The older I get, the more I realize that love is usually quiet.
Checking to see if you got home safely.
Save you last slice.
Remember the little things you forgot.
And no one makes quieter love than a mother.
I thought my mother was very worried.
Now I realize that she was just carrying love in its heaviest form.
When I was a kid, I thought moms existed to embarrass you in front of your friends and ask the impossible question, “Why is there only one shoe in the hallway?” But growing up meant realizing how invisible they were doing the whole time.
Mother remembers everything. Doctor’s appointment. Permission slip. What food did I dislike this month? He heard a cough from upstairs and suddenly an anxious ninja appeared at the door like cough syrup and unsolicited advice.
And here’s the thing no one tells you: Moms don’t stop being moms when you’re an adult. They just update the software.
At 10They are concerned if you make friends at school.
At 25They are concerned if you are eating vegetables.
At 35They are concerned because you sound “a little tired” on the phone for 0.4 seconds
It never stops.
I once asked my mother why she was still so worried about me.
She said, “Because once you love someone so deeply, your brain never shuts off.”
And honestly? That sentence has followed me ever since.
So today is for mothers.
biological mothers. step mother grandma Older sisters who became second mothers. Women who raised people while silently carrying their own world.
You have created more life than you will ever fully realize.

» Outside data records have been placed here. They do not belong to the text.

text \<open>For x^2 + y z = 1 the matrix R = [[x, y], [z, -x]] is an involution, and for
  M = [[a, b], [c, d]] in SL(2,\<int>) one computes R M = M\<inverse> R + t \<one> with
  t = z b + y c - x (d - a). So R is an involutory reversor of M mod n, also of its action on
  the n-division points, as soon as n divides t. After dividing (b, c, d - a) by its gcd, take
  for R the conjugates of [[1, 0], [k, -1]] by a fixed P \<in> SL(2,\<int>): then t is affine in k,
  with slope the value of the primitive binary form b X^2 - (d - a) X Y - c Y^2 at the
  coprime pair that P is built from. A primitive form takes a value prime to n at some coprime
  pair, and for that choice k can be solved for.\<close>

lemma coprime_if_no_common_prime_divisor:
  fixes a b :: int
  assumes "b \<noteq> 0" and "\<And>p. prime p \<Longrightarrow> p dvd a \<Longrightarrow> p dvd b \<Longrightarrow> False"
  shows "coprime a b"
proof (rule ccontr)
  assume "\<not> coprime a b"
  then have "\<not> is_unit (gcd a b)" and "gcd a b \<noteq> 0"
    using is_unit_gcd[of a b] assms(1) by auto
  then obtain p where "prime p" "p dvd gcd a b" using prime_divisorE by blast
  then show False using assms(2) by auto
qed

lemma prime_dvd_prod_primes_iff:
  fixes S :: "int set"
  assumes "finite S" "\<forall>q\<in>S. prime q" "prime p"
  shows "p dvd \<Prod>S \<longleftrightarrow> p \<in> S"
  using assms prime_dvd_prod_iff[OF assms(1) assms(3), of id] primes_dvd_imp_eq
  by (auto intro: dvd_prodI)

text \<open>X collects the primes of n dividing \<alpha> but not \<gamma>, Y those not dividing \<alpha>;
  then for every prime p of n exactly one of the three terms of the form is prime to p.\<close>
lemma primitive_form_represents_coprime:
  fixes \<alpha> \<beta> \<gamma> :: int and n :: nat
  assumes "n > 0" and primitive: "gcd \<alpha> (gcd \<beta> \<gamma>) = 1"
  shows "\<exists>X Y. coprime X Y \<and> coprime (\<alpha>*X^2 + \<beta>*X*Y + \<gamma>*Y^2) (int n)"
proof -
  define P where "P = prime_factors (int n)"
  have "finite P" by (simp add: P_def)
  define SX where "SX = {p\<in>P. p dvd \<alpha> \<and> \<not> p dvd \<gamma>}"
  define SY where "SY = {p\<in>P. \<not> p dvd \<alpha>}"
  define X where "X = \<Prod>SX"
  define Y where "Y = \<Prod>SY"
  have "finite SX" "finite SY" "\<forall>q\<in>SX. prime q" "\<forall>q\<in>SY. prime q"
    using \<open>finite P\<close> by (auto simp: SX_def SY_def P_def in_prime_factors_iff)
  then have dvd_X: "p dvd X \<longleftrightarrow> p \<in> SX" and dvd_Y: "p dvd Y \<longleftrightarrow> p \<in> SY" if "prime p" for p
    using prime_dvd_prod_primes_iff that by (simp_all add: X_def Y_def)
  have "Y \<noteq> 0"
    using \<open>finite SY\<close> \<open>\<forall>q\<in>SY. prime q\<close> by (auto simp: Y_def prod_zero_iff)
  then have "coprime X Y"
    by (rule coprime_if_no_common_prime_divisor) (auto simp: dvd_X dvd_Y SX_def SY_def)
  moreover have "coprime (\<alpha>*X^2 + \<beta>*X*Y + \<gamma>*Y^2) (int n)"
  proof (rule coprime_if_no_common_prime_divisor)
    fix p :: int
    assume p: "prime p" and dvd_form: "p dvd \<alpha>*X^2 + \<beta>*X*Y + \<gamma>*Y^2" and "p dvd int n"
    then have "p \<in> P" using \<open>n > 0\<close> by (simp add: P_def in_prime_factors_iff)
    consider "\<not> p dvd \<alpha>" | "p dvd \<alpha>" "\<not> p dvd \<gamma>" | "p dvd \<alpha>" "p dvd \<gamma>" by blast
    then show False
    proof cases
      case 1
      then have "p dvd Y" "\<not> p dvd X" using dvd_X dvd_Y p \<open>p \<in> P\<close> by (auto simp: SX_def SY_def)
      then have "p dvd \<alpha>*X^2" using dvd_diff[OF dvd_form, of "\<beta>*X*Y + \<gamma>*Y^2"]
        by (simp add: power2_eq_square)
      then show False using 1 \<open>\<not> p dvd X\<close> p by (simp add: prime_dvd_mult_iff prime_dvd_power_iff)
    next
      case 2
      then have "p dvd X" "\<not> p dvd Y" using dvd_X dvd_Y p \<open>p \<in> P\<close> by (auto simp: SX_def SY_def)
      then have "p dvd \<gamma>*Y^2" using dvd_diff[OF dvd_form, of "\<alpha>*X^2 + \<beta>*X*Y"]
        by (simp add: power2_eq_square)
      then show False using 2 \<open>\<not> p dvd Y\<close> p by (simp add: prime_dvd_mult_iff prime_dvd_power_iff)
    next
      case 3
      then have "\<not> p dvd X" "\<not> p dvd Y" using dvd_X dvd_Y p \<open>p \<in> P\<close> by (auto simp: SX_def SY_def)
      have "p dvd \<beta>*X*Y" using 3 dvd_diff[OF dvd_form, of "\<alpha>*X^2 + \<gamma>*Y^2"] by simp
      then have "p dvd gcd \<alpha> (gcd \<beta> \<gamma>)"
        using 3 \<open>\<not> p dvd X\<close> \<open>\<not> p dvd Y\<close> p by (simp add: prime_dvd_mult_iff)
      then have "p dvd 1" using primitive by simp
      then show False using p not_prime_unit by blast
    qed
  qed (use \<open>n > 0\<close> in simp)
  ultimately show ?thesis by blast
qed

lemma involution_condition_solvable_primitive:
  fixes b c e :: int and n :: nat
  assumes "n > 0" and primitive: "gcd b (gcd c e) = 1"
  shows "\<exists>x y z. x^2 + y * z = 1 \<and> int n dvd z * b + y * c - x * e"
proof -
  have "gcd b (gcd (-e) (-c)) = 1" using primitive by (simp add: gcd.commute)
  from primitive_form_represents_coprime[OF \<open>n > 0\<close> this] obtain s q where
    "coprime s q" and "coprime (b * s^2 + (-e) * s * q + (-c) * q^2) (int n)" by blast
  define w where "w = b * s^2 - e * s * q - c * q^2"
  have "coprime w (int n)" using \<open>coprime (b * s^2 + _ + _) _\<close> by (simp add: w_def)
  then obtain u v where uv: "u * w + v * int n = 1"
    using bezout_int[of w "int n"] by (auto simp: coprime_iff_gcd_eq_1)
  obtain p r' where "p * s + r' * q = 1"
    using bezout_int[of s q] \<open>coprime s q\<close> by (auto simp: coprime_iff_gcd_eq_1 algebra_simps)
  define r where "r = - r'"
  have "p * s - q * r = 1" using \<open>p * s + r' * q = 1\<close> by (simp add: r_def algebra_simps)
  define h where "h = 2 * r * s * b - (p * s + q * r) * e - 2 * p * q * c"
  define t where "t = - h * u"
  \<comment> \<open>(x, y, z) is read off [[p, q], [r, s]] [[1, 0], [t, -1]] [[p, q], [r, s]]\<inverse>\<close>
  define x where "x = p * s + q * r + q * s * t"
  define y where "y = - (2 * p * q + q^2 * t)"
  define z where "z = 2 * r * s + s^2 * t"
  have "x^2 + y * z = (p * s - q * r)^2"
    unfolding x_def y_def z_def by (simp add: power2_eq_square algebra_simps)
  also have "\<dots> = 1" using \<open>p * s - q * r = 1\<close> by simp
  finally have "x^2 + y * z = 1" .
  have "z * b + y * c - x * e = t * w + h"
    unfolding x_def y_def z_def w_def h_def by (simp add: power2_eq_square algebra_simps)
  also have "\<dots> = h * (1 - u * w)" by (simp add: t_def algebra_simps)
  also have "1 - u * w = v * int n" using uv by simp
  finally have "z * b + y * c - x * e = h * (v * int n)" .
  then have "int n dvd z * b + y * c - x * e" by simp
  with \<open>x^2 + y * z = 1\<close> show ?thesis by blast
qed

I hope your Sunday feels warm, your coffee is hot, and someone you love contacts you today.
Today, we celebrate…
mother’s day
Today is mother’s day. Women who have somehow become therapists, chefs, chauffeurs, financial advisors and FBI-level investigators the second we say “nothing is wrong.”
Mothers have this uncanny ability to hear attitudes through text messages. They can detect hunger from three rooms and somehow know when you’re lying down with a simple “I’m fine.” Honestly? CIA recruiters should just start interviewing moms.
And the wild part? Most of them have spent years feeding us the last slice of pizza and pretending they “weren’t hungry anyway.” This is love. That is the sacrifice. It is also psychological warfare.
So call your mother. Text him. hug him Or at the very least, stop explaining to him how to reset the Wi-Fi every Sunday.
Tell your mother you love her. seriously He already knows… but he still wants to hear.